**Goal of the exercise**
All of the data below is to be copied exactly.

**Supplied material**
"""

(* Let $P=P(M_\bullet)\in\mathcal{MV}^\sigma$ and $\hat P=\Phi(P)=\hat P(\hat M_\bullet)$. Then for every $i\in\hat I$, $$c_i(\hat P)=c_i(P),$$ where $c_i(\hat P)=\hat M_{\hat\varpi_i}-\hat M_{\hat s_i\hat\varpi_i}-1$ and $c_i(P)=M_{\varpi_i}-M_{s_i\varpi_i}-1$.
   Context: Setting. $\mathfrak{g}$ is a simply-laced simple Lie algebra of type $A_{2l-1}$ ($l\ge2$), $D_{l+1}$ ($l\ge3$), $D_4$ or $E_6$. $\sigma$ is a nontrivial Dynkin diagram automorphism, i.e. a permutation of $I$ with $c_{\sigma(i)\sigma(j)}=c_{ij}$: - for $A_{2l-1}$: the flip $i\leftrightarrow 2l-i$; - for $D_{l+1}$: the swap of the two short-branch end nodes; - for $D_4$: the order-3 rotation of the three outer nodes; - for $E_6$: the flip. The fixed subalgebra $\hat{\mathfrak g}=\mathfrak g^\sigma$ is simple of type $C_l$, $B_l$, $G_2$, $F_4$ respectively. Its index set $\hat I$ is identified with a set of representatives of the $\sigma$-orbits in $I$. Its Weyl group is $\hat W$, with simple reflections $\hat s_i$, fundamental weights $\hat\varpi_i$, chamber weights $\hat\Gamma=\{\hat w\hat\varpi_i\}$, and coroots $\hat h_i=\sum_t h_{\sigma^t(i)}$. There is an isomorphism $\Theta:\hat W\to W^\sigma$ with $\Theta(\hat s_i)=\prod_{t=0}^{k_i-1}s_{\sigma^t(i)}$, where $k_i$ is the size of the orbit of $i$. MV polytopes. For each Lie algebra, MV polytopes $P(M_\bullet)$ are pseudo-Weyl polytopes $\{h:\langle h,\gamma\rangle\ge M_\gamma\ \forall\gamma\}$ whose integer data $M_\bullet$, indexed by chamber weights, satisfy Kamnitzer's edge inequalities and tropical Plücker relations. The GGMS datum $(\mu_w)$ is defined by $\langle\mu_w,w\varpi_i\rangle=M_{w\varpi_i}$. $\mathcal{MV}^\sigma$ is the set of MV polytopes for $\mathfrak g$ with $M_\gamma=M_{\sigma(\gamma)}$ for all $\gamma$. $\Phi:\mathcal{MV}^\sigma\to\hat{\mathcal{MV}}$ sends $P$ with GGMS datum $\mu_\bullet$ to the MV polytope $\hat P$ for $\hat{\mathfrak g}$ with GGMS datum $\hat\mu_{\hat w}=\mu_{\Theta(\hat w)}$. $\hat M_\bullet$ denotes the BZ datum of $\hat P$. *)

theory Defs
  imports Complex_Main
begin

"""

**Your response**
(* Let $P=P(M_\bullet)\in\mathcal{MV}^\sigma$ and $\hat P=\Phi(P)=\hat P(\hat M_\bullet)$. Then for every $i\in\hat I$, $$c_i(\hat P)=c_i(P),$$ where $c_i(\hat P)=\hat M_{\hat\varpi_i}-\hat M_{\hat s_i\hat\varpi_i}-1$ and $c_i(P)=M_{\varpi_i}-M_{s_i\varpi_i}-1$.
   Context: Setting. $\mathfrak{g}$ is a simply-laced simple Lie algebra of type $A_{2l-1}$ ($l\ge2$), $D_{l+1}$ ($l\ge3$), $D_4$ or $E_6$. $\sigma$ is a nontrivial Dynkin diagram automorphism, i.e. a permutation of $I$ with $c_{\sigma(i)\sigma(j)}=c_{ij}$: - for $A_{2l-1}$: the flip $i\leftrightarrow 2l-i$; - for $D_{l+1}$: the swap of the two short-branch end nodes; - for $D_4$: the order-3 rotation of the three outer nodes; - for $E_6$: the flip. The fixed subalgebra $\hat{\mathfrak g}=\mathfrak g^\sigma$ is simple of type $C_l$, $B_l$, $G_2$, $F_4$ respectively. Its index set $\hat I$ is identified with a set of representatives of the $\sigma$-orbits in $I$. Its Weyl group is $\hat W$, with simple reflections $\hat s_i$, fundamental weights $\hat\varpi_i$, chamber weights $\hat\Gamma=\{\hat w\hat\varpi_i\}$, and coroots $\hat h_i=\sum_t h_{\sigma^t(i)}$. There is an isomorphism $\Theta:\hat W\to W^\sigma$ with $\Theta(\hat s_i)=\prod_{t=0}^{k_i-1}s_{\sigma^t(i)}$, where $k_i$ is the size of the orbit of $i$. MV polytopes. For each Lie algebra, MV polytopes $P(M_\bullet)$ are pseudo-Weyl polytopes $\{h:\langle h,\gamma\rangle\ge M_\gamma\ \forall\gamma\}$ whose integer data $M_\bullet$, indexed by chamber weights, satisfy Kamnitzer's edge inequalities and tropical Plücker relations. The GGMS datum $(\mu_w)$ is defined by $\langle\mu_w,w\varpi_i\rangle=M_{w\varpi_i}$. $\mathcal{MV}^\sigma$ is the set of MV polytopes for $\mathfrak g$ with $M_\gamma=M_{\sigma(\gamma)}$ for all $\gamma$. $\Phi:\mathcal{MV}^\sigma\to\hat{\mathcal{MV}}$ sends $P$ with GGMS datum $\mu_\bullet$ to the MV polytope $\hat P$ for $\hat{\mathfrak g}$ with GGMS datum $\hat\mu_{\hat w}=\mu_{\Theta(\hat w)}$. $\hat M_\bullet$ denotes the BZ datum of $\hat P$. *)

theory Defs
  imports Complex_Main
begin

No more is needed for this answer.